I remember that in L3 a word in the search YYY WITHIN 5 words ZZZ was defined by 5 characters or something like that. In L4 is it still defined this way or by the grammatical definition of a word?
My guess would be that hasn't changed.
While I can't answer the question, I believe something has changed. I remember Dave Hooton being excited about the fact that WITHIN, BEFORE, etc. were now couting "real" words (or something to that effect), which was an improvement from 3.0.
I remember Dave Hooton being excited about the fact that WITHIN, BEFORE, etc. were now couting "real" words
Yup, I am still excited. L4 counts grammatical words. You can try a simple test:-
Logos 4 uses the Unicode word-breaking algorithm (http://unicode.org/reports/tr29/) to split text into words when indexing. (Putting it simplistically, it splits on spaces, but there are some special cases: colons between letters break them into separate words, but colons between numbers don't. Hyphenated-phrases are also treated as separate words. There is currently no CKJV support (e.g., bigram indexing); Asian languages typically require a dictionary for good word-breaking, and we haven't implemented that.) There are also some smarts to ignore footnote characters when counting words in the surface text, except when those superscripted characters are significant (think "P71").
In general, though, it should do what you expect, so the "WORDS" unit in Logos 4 searches counts actual words; it is no longer a character-based simulation.
There is currently no CKJV support (e.g., bigram indexing); Asian languages typically require a dictionary for good word-breaking, and we haven't implemented that
RE: Japanese,
Is this for lack of a usable dictionary? (Jim Breen's JDIC) Is this on the future agenda?

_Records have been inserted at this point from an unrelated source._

lemma integrable_bounded_borel:
  fixes f :: "_ \<Rightarrow> real"
  assumes "prob_space M" "sets M = sets borel" "f \<in> borel_measurable borel" "\<And>z. \<bar>f z\<bar> \<le> B"
  shows "integrable M f"
proof -
  interpret prob_space M by fact
  have "f \<in> borel_measurable M"
    using assms(2,3) measurable_cong_sets[OF assms(2) refl] by simp
  then show ?thesis by (intro integrable_const_bound[where B=B]) (auto simp: assms(4))
qed

lemma abs_integral_le_1:
  fixes f :: "'a::euclidean_space \<Rightarrow> real"
  assumes "prob_space M" "sets M = sets borel" "f \<in> borel_measurable borel" "\<And>z. \<bar>f z\<bar> \<le> 1"
  shows "\<bar>integral\<^sup>L M f\<bar> \<le> 1"
proof -
  interpret prob_space M by fact
  have "integral\<^sup>L M (\<lambda>_. -1) \<le> integral\<^sup>L M f" "integral\<^sup>L M f \<le> integral\<^sup>L M (\<lambda>_. 1)"
    using integrable_bounded_borel[OF assms] assms(4) by (intro integral_mono; auto simp: abs_le_iff)+
  then show ?thesis by (simp add: prob_space)
qed

lemma integral_indicator_borel:
  assumes "sets M = sets borel"
  shows "integral\<^sup>L M (indicator A :: _ \<Rightarrow> real) = measure M A"
  using sets_eq_imp_space_eq[OF assms] by simp
theorem proposition4:
  "\<exists>c::nat. \<forall>y :: 'a::linorder list. lyndon y \<longrightarrow>
     (\<exists>t cst. left_lyndon_tree (length y) (\<lambda>i j. y ! i = y ! j) = Some (t, cst)
              \<and> is_llt y 0 t \<and> cst \<le> c * length y)"
proof (intro exI[of _ 2] allI impI)
  fix y :: "'a list" assume Ly: "lyndon y"
  define n where "n = length y"
  have n: "0 < n" using Ly unfolding lyndon_def n_def by simp
  obtain s where run: "alg_run (\<lambda>i j. y ! i = y ! j) (n - 1) = Some s" and inv: "outer_inv y (n - 1) s"
    using outer_inv_run[OF Ly, of "n - 1"] n unfolding n_def by auto
  have "lyns s (n - 1) = max_lyndon_suffix y n" using inv n unfolding outer_inv_def duval_inv_def by simp
  also have "\<dots> = n"
    by (rule max_lyndon_suffix_whole) (use n Ly factor_whole[of y] in \<open>simp_all add: n_def\<close>)
  finally have "is_llt y 0 (root s (n - 1))"
    using inv n factor_whole[of y] unfolding outer_inv_def n_def by fastforce
  moreover have "cost s \<le> 2 * n" using inv n unfolding outer_inv_def by auto
  moreover have "left_lyndon_tree n (\<lambda>i j. y ! i = y ! j) = Some (root s (n - 1), cost s)"
    unfolding left_lyndon_tree_def using run by simp
  ultimately show "\<exists>t cst. left_lyndon_tree (length y) (\<lambda>i j. y ! i = y ! j) = Some (t, cst)
      \<and> is_llt y 0 t \<and> cst \<le> 2 * length y"
    unfolding n_def by blast
qed

end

Does Logos 4 search Hebrew by word-breaking? And is it only double-byte text that presents this problem in word-break searching?

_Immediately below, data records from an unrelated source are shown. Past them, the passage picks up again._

(* Let ${\cal G}$ be a graph and let $\nu>p\ge1$. For any $\phi\in C^1_{\rm Dir}({\cal G})$, $$\|\nabla\phi\|_p\ge c_{\nu,p}\,\|\phi\|_{p\nu/(\nu-p)},\qquad c_{\nu,p}=I_\nu({\cal G})\,\rho_{\sup}^{-(p-1)/p}\,\frac{\nu-p}{p(\nu-1)}.$$ The same holds when ${\cal G}$ is closed with $\widetilde I_\nu({\cal G})$ in place of $I_\nu({\cal G})$, provided $\phi$ is additionally split.
   Context: A graph ${\cal G}$ consists of an undirected graph $(V,E)$ (possibly infinite; multiple edges, self-loops allowed), edge lengths $\ell_e>0$, boundary vertices $\partial{\cal G}\subseteq V$, a vertex measure ${\cal V}$ (supported on $V$, ${\cal V}(v)>0$), and an edge measure ${\cal E}$ (zero on vertices, $a_e>0$ times Lebesgue measure on the interior of edge $e$); ${\cal G}$ is identified with its geometric realization. $C^1_{\rm Dir}({\cal G})$: continuous functions, uniformly continuously differentiable on each open edge, supported in finitely many vertices and edges, vanishing on $\partial{\cal G}$. Function norms are $L^q({\cal V})$ norms; $\|\nabla\phi\|_p$ is the $L^p({\cal E})$ norm of $|\nabla\phi|$. $\rho_{\sup}=\sup_v{\cal V}(v)^{-1}\sum_{e\ni v}{\cal E}(e)/2$. For open $\Omega$ with finite boundary, ${\cal A}(\partial\Omega)=\sum_{x\in\partial\Omega\setminus V}a_{e(x)}+\sum_{v\in\partial\Omega\cap V}\sum_{e:\,v\in\overline{\Omega\cap e^\circ}}a_e$; $\Omega$ admissible if open, finite boundary, disjoint from $\partial{\cal G}$. $I_\nu({\cal G})=\inf_\Omega{\cal A}(\partial\Omega)/{\cal V}(\Omega)^{1/\nu'}$ over admissible $\Omega$ ($\nu'$ dual exponent). Closed graph: finite, $\partial{\cal G}=\emptyset$; split: ${\cal V}(\{\phi>0\}),{\cal V}(\{\phi<0\})\le{\cal V}({\cal G})/2$; $\widetilde I_\nu({\cal G})=\inf_\Omega{\cal A}(\partial\Omega)\min({\cal V}(\Omega),{\cal V}(\complement\Omega))^{(1/\nu)-1}$. *)

theory Defs
  imports "HOL-Analysis.Analysis"
begin

text \<open>A graph: vertex set, edge set (multiple edges and self-loops allowed via the
  endpoint map), edge lengths, edge weights a_e (edge measure = a_e times Lebesgue),
  vertex measure, boundary vertices.\<close>

record ('v, 'e) mgraph =
  verts :: "'v set"
  edges :: "'e set"
  ends  :: "'e \<Rightarrow> 'v \<times> 'v"
  len   :: "'e \<Rightarrow> real"
  wt    :: "'e \<Rightarrow> real"
  vmeas :: "'v \<Rightarrow> real"
  bdry  :: "'v set"

definition is_graph :: "('v, 'e) mgraph \<Rightarrow> bool" where
  "is_graph G \<longleftrightarrow>
     (\<forall>e\<in>edges G. fst (ends G e) \<in> verts G \<and> snd (ends G e) \<in> verts G
                  \<and> len G e > 0 \<and> wt G e > 0)
   \<and> (\<forall>v\<in>verts G. vmeas G v > 0) \<and> bdry G \<subseteq> verts G"

text \<open>Points of the geometric realization: vertices and interior points of edges.\<close>

datatype ('v, 'e) gpoint = Vx 'v | Ed 'e real

definition pts :: "('v, 'e) mgraph \<Rightarrow> ('v, 'e) gpoint set" where
  "pts G = Vx ` verts G \<union> {Ed e t | e t. e \<in> edges G \<and> 0 < t \<and> t < len G e}"

definition eint :: "('v, 'e) mgraph \<Rightarrow> 'e \<Rightarrow> ('v, 'e) gpoint set" where
  "eint G e = {Ed e t | t. 0 < t \<and> t < len G e}"

definition param :: "('v, 'e) mgraph \<Rightarrow> 'e \<Rightarrow> real \<Rightarrow> ('v, 'e) gpoint" where
  "param G e t = (if t \<le> 0 then Vx (fst (ends G e))
                  else if len G e \<le> t then Vx (snd (ends G e)) else Ed e t)"

text \<open>Topology of the geometric realization (quotient topology of the closed edges).\<close>

definition gopen :: "('v, 'e) mgraph \<Rightarrow> ('v, 'e) gpoint set \<Rightarrow> bool" where
  "gopen G U \<longleftrightarrow> U \<subseteq> pts G \<and>
     (\<forall>e\<in>edges G. openin (top_of_set {0..len G e}) ({0..len G e} \<inter> param G e -` U))"

definition gclosure :: "('v, 'e) mgraph \<Rightarrow> ('v, 'e) gpoint set \<Rightarrow> ('v, 'e) gpoint set" where
  "gclosure G S = {x \<in> pts G. \<forall>U. gopen G U \<and> x \<in> U \<longrightarrow> U \<inter> S \<noteq> {}}"

definition ginterior :: "('v, 'e) mgraph \<Rightarrow> ('v, 'e) gpoint set \<Rightarrow> ('v, 'e) gpoint set" where
  "ginterior G S = {x. \<exists>U. gopen G U \<and> x \<in> U \<and> U \<subseteq> S}"

definition gfrontier :: "('v, 'e) mgraph \<Rightarrow> ('v, 'e) gpoint set \<Rightarrow> ('v, 'e) gpoint set" where
  "gfrontier G S = gclosure G S - ginterior G S"

text \<open>Vertex measure of a set of points (the measure is supported on vertices).\<close>

definition vol :: "('v, 'e) mgraph \<Rightarrow> ('v, 'e) gpoint set \<Rightarrow> ennreal" where
  "vol G S = (\<Sum>\<^sub>\<infinity> v \<in> {v \<in> verts G. Vx v \<in> S}. ennreal (vmeas G v))"

definition bweight :: "('v, 'e) mgraph \<Rightarrow> ('v, 'e) gpoint set \<Rightarrow> ('v, 'e) gpoint \<Rightarrow> ennreal" where
  "bweight G \<Omega> x = (case x of
      Ed e t \<Rightarrow> ennreal (wt G e)
    | Vx v \<Rightarrow> (\<Sum>\<^sub>\<infinity> e \<in> {e \<in> edges G. Vx v \<in> gclosure G (\<Omega> \<inter> eint G e)}. ennreal (wt G e)))"

definition area :: "('v, 'e) mgraph \<Rightarrow> ('v, 'e) gpoint set \<Rightarrow> ennreal" where
  "area G \<Omega> = (\<Sum>x \<in> gfrontier G \<Omega>. bweight G \<Omega> x)"

definition admissible :: "('v, 'e) mgraph \<Rightarrow> ('v, 'e) gpoint set \<Rightarrow> bool" where
  "admissible G \<Omega> \<longleftrightarrow> gopen G \<Omega> \<and> finite (gfrontier G \<Omega>) \<and> \<Omega> \<inter> Vx ` bdry G = {}"

text \<open>Power with real exponent r >= 0 on [0, infinity], with x^0 = 1.\<close>

definition epow :: "ennreal \<Rightarrow> real \<Rightarrow> ennreal" where
  "epow x r = (if r = 0 then 1 else if x = \<infinity> then \<infinity> else ennreal (enn2real x powr r))"

definition Iso :: "('v, 'e) mgraph \<Rightarrow> real \<Rightarrow> ennreal" where
  "Iso G \<nu> = (INF \<Omega> \<in> {\<Omega>. admissible G \<Omega> \<and> \<Omega> \<noteq> {}}.
                 area G \<Omega> / epow (vol G \<Omega>) (1 - 1 / \<nu>))"

definition closed_graph :: "('v, 'e) mgraph \<Rightarrow> bool" where
  "closed_graph G \<longleftrightarrow> finite (verts G) \<and> finite (edges G) \<and> bdry G = {}"

definition Iso_tilde :: "('v, 'e) mgraph \<Rightarrow> real \<Rightarrow> ennreal" where
  "Iso_tilde G \<nu> = (INF \<Omega> \<in> {\<Omega>. admissible G \<Omega> \<and> \<Omega> \<noteq> {} \<and> \<Omega> \<noteq> pts G}.
                 area G \<Omega> / epow (min (vol G \<Omega>) (vol G (pts G - \<Omega>))) (1 - 1 / \<nu>))"

definition rho_sup :: "('v, 'e) mgraph \<Rightarrow> ennreal" where
  "rho_sup G = (SUP v \<in> verts G.
      (\<Sum>\<^sub>\<infinity> e \<in> {e \<in> edges G. v = fst (ends G e) \<or> v = snd (ends G e)}.
           ennreal (wt G e * len G e / 2)) / ennreal (vmeas G v))"

definition edge_fun :: "('v, 'e) mgraph \<Rightarrow> (('v, 'e) gpoint \<Rightarrow> real) \<Rightarrow> 'e \<Rightarrow> real \<Rightarrow> real" where
  "edge_fun G \<phi> e t = \<phi> (param G e t)"

definition vsupp :: "('v, 'e) mgraph \<Rightarrow> (('v, 'e) gpoint \<Rightarrow> real) \<Rightarrow> 'v set" where
  "vsupp G \<phi> = {v \<in> verts G. \<phi> (Vx v) \<noteq> 0}"

definition esupp :: "('v, 'e) mgraph \<Rightarrow> (('v, 'e) gpoint \<Rightarrow> real) \<Rightarrow> 'e set" where
  "esupp G \<phi> = {e \<in> edges G. \<exists>t. 0 < t \<and> t < len G e \<and> \<phi> (Ed e t) \<noteq> 0}"

definition C1_Dir :: "('v, 'e) mgraph \<Rightarrow> (('v, 'e) gpoint \<Rightarrow> real) \<Rightarrow> bool" where
  "C1_Dir G \<phi> \<longleftrightarrow>
     (\<forall>e\<in>edges G. continuous_on {0..len G e} (edge_fun G \<phi> e))
   \<and> (\<forall>e\<in>edges G. \<exists>\<phi>'. (\<forall>t\<in>{0<..<len G e}. (edge_fun G \<phi> e has_real_derivative \<phi>' t) (at t))
                        \<and> uniformly_continuous_on {0<..<len G e} \<phi>')
   \<and> finite (vsupp G \<phi>) \<and> finite (esupp G \<phi>)
   \<and> (\<forall>v\<in>bdry G. \<phi> (Vx v) = 0)"

definition vnorm :: "('v, 'e) mgraph \<Rightarrow> real \<Rightarrow> (('v, 'e) gpoint \<Rightarrow> real) \<Rightarrow> real" where
  "vnorm G q \<phi> = (\<Sum>v \<in> vsupp G \<phi>. vmeas G v * \<bar>\<phi> (Vx v)\<bar> powr q) powr (1 / q)"

definition grad_norm :: "('v, 'e) mgraph \<Rightarrow> real \<Rightarrow> (('v, 'e) gpoint \<Rightarrow> real) \<Rightarrow> real" where
  "grad_norm G p \<phi> = (\<Sum>e \<in> esupp G \<phi>.
      wt G e * integral {0..len G e} (\<lambda>t. \<bar>deriv (edge_fun G \<phi> e) t\<bar> powr p)) powr (1 / p)"

definition split_fun :: "('v, 'e) mgraph \<Rightarrow> (('v, 'e) gpoint \<Rightarrow> real) \<Rightarrow> bool" where
  "split_fun G \<phi> \<longleftrightarrow> vol G {x \<in> pts G. \<phi> x > 0} \<le> vol G (pts G) / 2
                     \<and> vol G {x \<in> pts G. \<phi> x < 0} \<le> vol G (pts G) / 2"

definition sob_const :: "ennreal \<Rightarrow> ('v, 'e) mgraph \<Rightarrow> real \<Rightarrow> real \<Rightarrow> ennreal" where
  "sob_const I G \<nu> p = I * inverse (epow (rho_sup G) ((p - 1) / p)) * ennreal ((\<nu> - p) / (p * (\<nu> - 1)))"

end

theory Submission
  imports Defs
begin

text \<open>
  Only the vertex values of a test function \<open>\<phi>\<close> matter: on an edge of length \<open>\<ell>\<close> Jensen's
  inequality bounds the edge integral of \<open>\<bar>\<phi>'\<bar> powr p\<close> from below by
  \<open>\<ell> powr (1 - p) \<bar>\<phi>(b) - \<phi>(a)\<bar> powr p\<close>. A set \<open>S\<close> of vertices together with the adjacent
  half-edges is an admissible domain whose boundary consists of the midpoints of the edges
  leaving \<open>S\<close>, so the isoperimetric constant bounds the weight of these edges below by a power
  of the mass of \<open>S\<close>. For \<open>p = 1\<close> the layer-cake decomposition of \<open>\<bar>\<phi>\<bar>\<close> turns this into the
  discrete Sobolev inequality; for \<open>p > 1\<close> that inequality is applied to a power of \<open>\<bar>\<phi>\<bar>\<close>
  and Holder's inequality brings in \<open>\<rho>\<^sub>s\<^sub>u\<^sub>p\<close>. For split functions on closed graphs the
  positive and negative parts are supported on at most half the volume and are treated separately.
\<close>

lemma powr_le_tangent_line:
  fixes x A \<theta> :: real
  assumes "0 < \<theta>" "\<theta> \<le> 1" "0 < A" "0 \<le> x"
  shows "x powr \<theta> \<le> A powr \<theta> + \<theta> * A powr (\<theta> - 1) * (x - A)"
proof (cases "x = 0")
  case True
  have "A powr (\<theta> - 1) * A = A powr \<theta>"
    using assms by (simp add: powr_diff)
  then show ?thesis using True assms
    by (simp add: algebra_simps)
next
  case False
  then have "0 < x" using assms by simp
  then have "x powr \<theta> * A powr (1 - \<theta>) \<le> \<theta> * x + (1 - \<theta>) * A"
    using Youngs_inequality_0[of \<theta> "1 - \<theta>" x A] assms by simp
  then have "A powr (\<theta> - 1) * (x powr \<theta> * A powr (1 - \<theta>)) \<le> A powr (\<theta> - 1) * (\<theta> * x + (1 - \<theta>) * A)"
    by (rule mult_left_mono) simp
  moreover have "A powr (\<theta> - 1) * A powr (1 - \<theta>) = 1"
    using assms by (simp flip: powr_add)
  moreover have "A powr (\<theta> - 1) * A = A powr \<theta>"
    using assms by (simp add: powr_diff)
  ultimately show ?thesis
    by (simp add: algebra_simps) (metis mult.assoc mult.commute mult.left_commute mult_1)
qed

lemma tangent_line_le_powr:
  fixes x B p :: real
  assumes "1 \<le> p" "0 < B" "0 \<le> x"
  shows "B powr p + p * B powr (p - 1) * (x - B) \<le> x powr p"
proof -
  have "(x powr p) powr (1/p) \<le> (B powr p) powr (1/p) + (1/p) * (B powr p) powr (1/p - 1) * (x powr p - B powr p)"
    by (rule powr_le_tangent_line) (use assms in auto)
  moreover have "(x powr p) powr (1/p) = x" "(B powr p) powr (1/p) = B"
    using assms by (simp_all add: powr_powr)
  moreover have "(B powr p) powr (1/p - 1) = B powr (1 - p)"
    using assms by (simp add: powr_powr algebra_simps)
  ultimately have "x \<le> B + (1/p) * B powr (1 - p) * (x powr p - B powr p)" by simp
  then have "p * B powr (p - 1) * (x - B) \<le> p * B powr (p - 1) * ((1/p) * B powr (1 - p) * (x powr p - B powr p))"
    using assms by (intro mult_left_mono) auto
  also have "\<dots> = x powr p - B powr p"
  proof -
    have "B powr (p - 1) * B powr (1 - p) = 1" using assms by (simp flip: powr_add)
    then show ?thesis using assms by (simp add: field_simps)
  qed
  finally show ?thesis by simp
qed

lemma powr_le_chord:
  fixes t u s q :: real
  assumes "0 \<le> t" "t \<le> u" "u \<le> s" "t < s" "1 \<le> q"
  shows "u powr q \<le> t powr q + (s powr q - t powr q) * (u - t) / (s - t)"
proof (cases "t = 0")
  case True
  show ?thesis
  proof (cases "u = 0")
    case True then show ?thesis using \<open>t = 0\<close> assms by simp
  next
    case False
    then have "0 < u" using assms by simp
    have "u powr q = u powr (q - 1) * u" using \<open>0 < u\<close> by (simp add: powr_diff)
    also have "\<dots> \<le> s powr (q - 1) * u"
      using \<open>0 < u\<close> assms by (intro mult_right_mono powr_mono2) auto
    also have "\<dots> = s powr q * u / s" using \<open>0 < u\<close> assms by (simp add: powr_diff)
    finally show ?thesis using True assms by simp
  qed
next
  case False
  define l where "l = (u - t) / (s - t)"
  have l: "0 \<le> l" "l \<le> 1" using assms by (auto simp: l_def field_simps)
  have "l * (s - t) = u - t" using assms by (simp add: l_def)
  then have "u = (1 - l) *\<^sub>R t + l *\<^sub>R s" by (simp add: algebra_simps)
  have "u powr q \<le> (1 - l) * t powr q + l * s powr q"
    using convex_onD[OF powr_convex[OF \<open>1 \<le> q\<close>], of l t s] l \<open>u = _\<close> False assms by simp
  also have "\<dots> = t powr q + (s powr q - t powr q) * l"
    by (simp add: algebra_simps)
  finally show ?thesis by (simp add: l_def)
qed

There is currently no CKJV support (e.g., bigram indexing); Asian languages typically require a dictionary for good word-breaking, and we haven't implemented that RE: Japanese, Is this for lack of a usable dictionary? (Jim Breen's JDIC) Is this on the future agenda? Does Logos 4 search Hebrew by word-breaking? And is it only double-byte text that presents this problem in word-break searching?

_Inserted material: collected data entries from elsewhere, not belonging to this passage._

(* Let $\mathsf G=(\mathsf V,\mathsf E)$ be a finite connected graph without loops or multiple edges, with discrete Laplacian $\mathcal L=\mathcal I\mathcal I^T$. Then the semigroup $(e^{-t\mathcal L^2})_{t\ge0}$ is eventually irreducible: there exists $t_0>0$ such that for all $t\ge t_0$ and all $f\in\mathbb R^V$ with $f\ge0$, $f\ne0$, every entry of $e^{-t\mathcal L^2}f$ is strictly positive.
   Context: $V=|\mathsf V|$. After fixing an arbitrary orientation of the edges, the incidence matrix $\mathcal I\in\mathbb R^{V\times E}$ has entries $\iota_{\mathsf v\mathsf e}=-1$ if $\mathsf v$ is the initial endpoint of $\mathsf e$, $+1$ if $\mathsf v$ is the terminal endpoint of $\mathsf e$, and $0$ otherwise; $\mathcal L=\mathcal I\mathcal I^T$. *)

theory Defs
  imports "HOL-Analysis.Analysis"
begin

text \<open>Finite simple graph on the vertex type 'v: edges are 2-element vertex sets
  (so no loops and no multiple edges).\<close>
definition simple_graph :: "'v set set \<Rightarrow> bool" where
  "simple_graph E \<longleftrightarrow> (\<forall>e\<in>E. card e = 2)"

definition graph_connected :: "'v set set \<Rightarrow> bool" where
  "graph_connected E \<longleftrightarrow> (\<forall>u w. (\<lambda>x y. {x, y} \<in> E)\<^sup>*\<^sup>* u w)"

definition orientation :: "'v set set \<Rightarrow> ('v set \<Rightarrow> 'v) \<Rightarrow> ('v set \<Rightarrow> 'v) \<Rightarrow> bool" where
  "orientation E ini ter \<longleftrightarrow> (\<forall>e\<in>E. e = {ini e, ter e})"

definition incidence :: "('v set \<Rightarrow> 'v) \<Rightarrow> ('v set \<Rightarrow> 'v) \<Rightarrow> 'v \<Rightarrow> 'v set \<Rightarrow> real" where
  "incidence ini ter v e = (if v = ini e then -1 else if v = ter e then 1 else 0)"

definition laplacian :: "'v set set \<Rightarrow> ('v set \<Rightarrow> 'v) \<Rightarrow> ('v set \<Rightarrow> 'v) \<Rightarrow> real ^ 'v ^ 'v" where
  "laplacian E ini ter = (\<chi> u w. \<Sum>e\<in>E. incidence ini ter u e * incidence ini ter w e)"

primrec matpow :: "real ^ 'n ^ 'n \<Rightarrow> nat \<Rightarrow> real ^ 'n ^ 'n" where
  "matpow A 0 = mat 1"
| "matpow A (Suc k) = A ** matpow A k"

definition mexp :: "real ^ 'n ^ 'n \<Rightarrow> real ^ 'n ^ 'n" where
  "mexp A = (\<Sum>k. (1 / fact k) *\<^sub>R matpow A k)"

end

theory Submission
  imports Defs
begin

text \<open>The Laplacian L is symmetric, so it has an orthonormal eigenbasis B with eigenvalues \<mu>,
  and the (i,j) entry of exp(-t L^2) is the sum over b in B of b_i b_j exp(-t \<mu>(b)^2). As
  t tends to infinity only the terms with \<mu>(b) = 0 survive. Since x \<bullet> L x is the sum over
  the edges e of (x_(ter e) - x_(ini e))^2, on a connected graph the kernel of L consists of
  the constant vectors; so every surviving term b_i b_j = b_i^2 is nonnegative, and it is
  positive for the kernel eigenvectors, which exist because L 1 = 0. Hence all entries of
  exp(-t L^2) are positive for large t, and a positive matrix maps nonnegative nonzero vectors
  to positive ones.\<close>

definition orthonormal_eigenbasis ::
    "real^'n^'n \<Rightarrow> (real^'n) set \<Rightarrow> (real^'n \<Rightarrow> real) \<Rightarrow> bool" where
  "orthonormal_eigenbasis A B \<mu> \<longleftrightarrow> finite B \<and> pairwise orthogonal B \<and> span B = UNIV \<and>
     (\<forall>b\<in>B. norm b = 1 \<and> A *v b = \<mu> b *\<^sub>R b)"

I don't know what the roadmap is, but we worked closely with the Japan Bible Society to get the NIT etc. indexed correctly in LDLS3, so I expect a similar thing will happen in Logos 4.
Hebrew text is basically broken on spaces and punctuation (including maqqef and sof pasuq).
Double-byte text doesn't cause any problems itself; it's the script that is encoded that determines whether algorithmic word-breaking is feasible.
I am years behind on Unicode.
Can Logos not use the "Grapheme Cluster Boundaries" for searching? Must there be spaces? I thought Unicode Extended was supposed to solve all this.
I was very excited to see the Greek/Japanese Interlinear in Logos. I hope someday to see it run in Version 4.